» **What to do**: Starting at the top of the entries below, set down each line exactly as written, and stop after the line containing "with a bracket".
___ Given records ___
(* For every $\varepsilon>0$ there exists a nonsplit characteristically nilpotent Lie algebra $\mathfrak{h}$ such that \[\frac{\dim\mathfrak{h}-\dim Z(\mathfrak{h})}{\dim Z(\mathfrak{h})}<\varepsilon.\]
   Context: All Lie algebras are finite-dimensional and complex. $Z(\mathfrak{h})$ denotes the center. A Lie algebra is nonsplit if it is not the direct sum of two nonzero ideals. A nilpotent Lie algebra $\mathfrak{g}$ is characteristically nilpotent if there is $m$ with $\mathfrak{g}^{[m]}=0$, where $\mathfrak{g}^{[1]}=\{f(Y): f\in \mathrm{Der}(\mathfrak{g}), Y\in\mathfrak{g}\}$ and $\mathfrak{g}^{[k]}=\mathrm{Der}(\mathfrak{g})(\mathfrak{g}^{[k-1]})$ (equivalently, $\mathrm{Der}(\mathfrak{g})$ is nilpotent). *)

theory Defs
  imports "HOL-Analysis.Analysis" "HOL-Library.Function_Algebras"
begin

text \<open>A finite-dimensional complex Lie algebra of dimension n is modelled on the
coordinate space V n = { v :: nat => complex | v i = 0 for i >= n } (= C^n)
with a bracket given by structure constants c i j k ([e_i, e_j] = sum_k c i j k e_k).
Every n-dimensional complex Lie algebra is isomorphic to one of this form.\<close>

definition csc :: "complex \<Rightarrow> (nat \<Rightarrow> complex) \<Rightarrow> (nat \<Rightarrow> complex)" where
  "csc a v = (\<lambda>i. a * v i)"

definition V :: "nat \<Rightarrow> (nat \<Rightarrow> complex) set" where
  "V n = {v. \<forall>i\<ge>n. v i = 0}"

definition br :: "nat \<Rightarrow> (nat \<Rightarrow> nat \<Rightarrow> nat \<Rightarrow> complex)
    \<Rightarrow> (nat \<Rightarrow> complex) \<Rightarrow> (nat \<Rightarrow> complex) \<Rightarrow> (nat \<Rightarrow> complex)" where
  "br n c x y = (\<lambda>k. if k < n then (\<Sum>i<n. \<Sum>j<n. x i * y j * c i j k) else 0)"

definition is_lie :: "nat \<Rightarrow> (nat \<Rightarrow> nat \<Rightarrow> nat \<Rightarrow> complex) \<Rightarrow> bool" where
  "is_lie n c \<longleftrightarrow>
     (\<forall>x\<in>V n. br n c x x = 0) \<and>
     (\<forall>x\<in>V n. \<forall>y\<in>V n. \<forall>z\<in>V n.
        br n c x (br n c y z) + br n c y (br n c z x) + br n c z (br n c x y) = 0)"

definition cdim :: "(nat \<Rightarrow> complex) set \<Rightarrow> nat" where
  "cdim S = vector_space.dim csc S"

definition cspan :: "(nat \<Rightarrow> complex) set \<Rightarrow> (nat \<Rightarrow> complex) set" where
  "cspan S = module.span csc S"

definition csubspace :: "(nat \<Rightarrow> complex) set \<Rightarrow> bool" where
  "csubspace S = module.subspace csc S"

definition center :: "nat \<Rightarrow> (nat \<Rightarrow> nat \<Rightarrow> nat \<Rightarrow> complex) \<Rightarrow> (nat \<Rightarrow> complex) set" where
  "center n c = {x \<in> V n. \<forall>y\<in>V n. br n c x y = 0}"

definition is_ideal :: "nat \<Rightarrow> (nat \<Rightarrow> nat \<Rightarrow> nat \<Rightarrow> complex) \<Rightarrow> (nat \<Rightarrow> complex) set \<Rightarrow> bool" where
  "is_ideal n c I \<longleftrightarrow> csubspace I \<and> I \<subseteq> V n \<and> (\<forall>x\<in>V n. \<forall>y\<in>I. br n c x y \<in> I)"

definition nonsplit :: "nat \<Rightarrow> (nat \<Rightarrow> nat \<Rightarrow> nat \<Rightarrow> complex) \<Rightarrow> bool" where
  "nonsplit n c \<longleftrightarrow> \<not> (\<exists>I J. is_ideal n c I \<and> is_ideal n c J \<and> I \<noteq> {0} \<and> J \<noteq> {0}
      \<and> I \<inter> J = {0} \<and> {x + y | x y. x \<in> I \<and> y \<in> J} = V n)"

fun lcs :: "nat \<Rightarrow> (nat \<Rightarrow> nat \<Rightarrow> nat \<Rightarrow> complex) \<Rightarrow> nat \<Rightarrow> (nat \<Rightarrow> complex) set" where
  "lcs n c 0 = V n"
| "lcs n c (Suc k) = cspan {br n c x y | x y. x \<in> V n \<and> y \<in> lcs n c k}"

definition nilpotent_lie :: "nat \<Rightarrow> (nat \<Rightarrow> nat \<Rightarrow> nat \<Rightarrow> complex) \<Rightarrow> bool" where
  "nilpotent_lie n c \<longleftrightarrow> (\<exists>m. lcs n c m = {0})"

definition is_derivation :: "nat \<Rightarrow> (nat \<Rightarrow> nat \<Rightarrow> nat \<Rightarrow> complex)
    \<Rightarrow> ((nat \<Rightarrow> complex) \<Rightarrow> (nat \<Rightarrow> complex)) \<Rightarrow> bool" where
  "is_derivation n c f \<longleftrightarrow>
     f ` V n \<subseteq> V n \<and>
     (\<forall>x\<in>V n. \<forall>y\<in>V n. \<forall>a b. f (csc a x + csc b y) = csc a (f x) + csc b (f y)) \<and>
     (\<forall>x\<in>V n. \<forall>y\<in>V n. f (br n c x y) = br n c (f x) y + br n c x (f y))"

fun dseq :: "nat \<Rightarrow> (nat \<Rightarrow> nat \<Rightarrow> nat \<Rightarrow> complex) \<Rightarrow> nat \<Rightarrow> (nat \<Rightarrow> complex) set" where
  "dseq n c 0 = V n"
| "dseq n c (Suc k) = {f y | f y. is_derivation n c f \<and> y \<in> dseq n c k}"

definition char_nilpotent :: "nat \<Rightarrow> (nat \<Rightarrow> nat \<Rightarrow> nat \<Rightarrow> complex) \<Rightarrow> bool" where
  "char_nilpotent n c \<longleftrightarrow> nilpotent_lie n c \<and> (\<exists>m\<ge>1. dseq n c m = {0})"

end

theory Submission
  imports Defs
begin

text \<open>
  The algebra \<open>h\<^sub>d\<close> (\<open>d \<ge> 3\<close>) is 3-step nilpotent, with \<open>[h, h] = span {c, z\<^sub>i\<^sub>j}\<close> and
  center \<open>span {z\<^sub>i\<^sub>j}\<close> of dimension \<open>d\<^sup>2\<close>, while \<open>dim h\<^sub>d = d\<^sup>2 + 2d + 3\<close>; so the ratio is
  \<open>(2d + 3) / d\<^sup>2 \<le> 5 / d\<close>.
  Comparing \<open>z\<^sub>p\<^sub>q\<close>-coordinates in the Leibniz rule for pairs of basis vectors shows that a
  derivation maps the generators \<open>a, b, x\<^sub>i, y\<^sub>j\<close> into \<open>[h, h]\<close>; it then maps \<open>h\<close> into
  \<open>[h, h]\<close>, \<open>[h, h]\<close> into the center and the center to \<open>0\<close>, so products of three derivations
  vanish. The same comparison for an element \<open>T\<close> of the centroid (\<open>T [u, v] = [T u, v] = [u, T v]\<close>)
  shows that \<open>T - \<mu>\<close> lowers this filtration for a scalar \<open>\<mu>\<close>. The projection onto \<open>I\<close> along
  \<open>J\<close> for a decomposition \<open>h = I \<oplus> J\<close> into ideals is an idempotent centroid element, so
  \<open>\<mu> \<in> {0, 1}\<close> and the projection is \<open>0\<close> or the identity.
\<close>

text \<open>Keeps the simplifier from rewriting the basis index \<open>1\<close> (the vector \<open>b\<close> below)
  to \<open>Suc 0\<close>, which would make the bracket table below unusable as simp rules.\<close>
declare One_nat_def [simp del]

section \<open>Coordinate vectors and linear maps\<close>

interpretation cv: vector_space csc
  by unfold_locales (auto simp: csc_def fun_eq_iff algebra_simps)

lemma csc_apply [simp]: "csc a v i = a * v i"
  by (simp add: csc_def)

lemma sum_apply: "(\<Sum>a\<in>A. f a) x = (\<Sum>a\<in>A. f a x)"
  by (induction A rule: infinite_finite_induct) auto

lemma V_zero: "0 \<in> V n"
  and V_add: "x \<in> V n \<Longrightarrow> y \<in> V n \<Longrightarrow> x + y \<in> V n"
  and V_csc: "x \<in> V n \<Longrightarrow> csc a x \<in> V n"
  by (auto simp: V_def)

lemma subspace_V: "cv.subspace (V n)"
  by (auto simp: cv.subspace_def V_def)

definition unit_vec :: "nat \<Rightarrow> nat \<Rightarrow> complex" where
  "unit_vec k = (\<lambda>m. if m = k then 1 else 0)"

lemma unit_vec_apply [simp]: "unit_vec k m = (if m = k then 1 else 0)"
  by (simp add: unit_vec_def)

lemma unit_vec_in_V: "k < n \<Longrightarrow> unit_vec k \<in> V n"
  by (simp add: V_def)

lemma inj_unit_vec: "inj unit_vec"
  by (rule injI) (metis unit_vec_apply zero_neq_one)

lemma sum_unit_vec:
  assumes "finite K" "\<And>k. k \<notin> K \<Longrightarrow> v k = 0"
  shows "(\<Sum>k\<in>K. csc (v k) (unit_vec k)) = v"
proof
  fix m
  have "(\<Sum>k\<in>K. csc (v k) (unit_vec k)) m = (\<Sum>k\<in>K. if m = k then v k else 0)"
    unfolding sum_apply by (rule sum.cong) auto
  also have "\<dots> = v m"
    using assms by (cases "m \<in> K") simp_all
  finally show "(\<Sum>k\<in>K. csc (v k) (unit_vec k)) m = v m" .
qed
___
» **Solution to this problem**:
(* For every $\varepsilon>0$ there exists a nonsplit characteristically nilpotent Lie algebra $\mathfrak{h}$ such that \[\frac{\dim\mathfrak{h}-\dim Z(\mathfrak{h})}{\dim Z(\mathfrak{h})}<\varepsilon.\]
   Context: All Lie algebras are finite-dimensional and complex. $Z(\mathfrak{h})$ denotes the center. A Lie algebra is nonsplit if it is not the direct sum of two nonzero ideals. A nilpotent Lie algebra $\mathfrak{g}$ is characteristically nilpotent if there is $m$ with $\mathfrak{g}^{[m]}=0$, where $\mathfrak{g}^{[1]}=\{f(Y): f\in \mathrm{Der}(\mathfrak{g}), Y\in\mathfrak{g}\}$ and $\mathfrak{g}^{[k]}=\mathrm{Der}(\mathfrak{g})(\mathfrak{g}^{[k-1]})$ (equivalently, $\mathrm{Der}(\mathfrak{g})$ is nilpotent). *)

theory Defs
  imports "HOL-Analysis.Analysis" "HOL-Library.Function_Algebras"
begin

text \<open>A finite-dimensional complex Lie algebra of dimension n is modelled on the
coordinate space V n = { v :: nat => complex | v i = 0 for i >= n } (= C^n)
with a bracket given by structure constants c i j k ([e_i, e_j] = sum_k c i j k e_k).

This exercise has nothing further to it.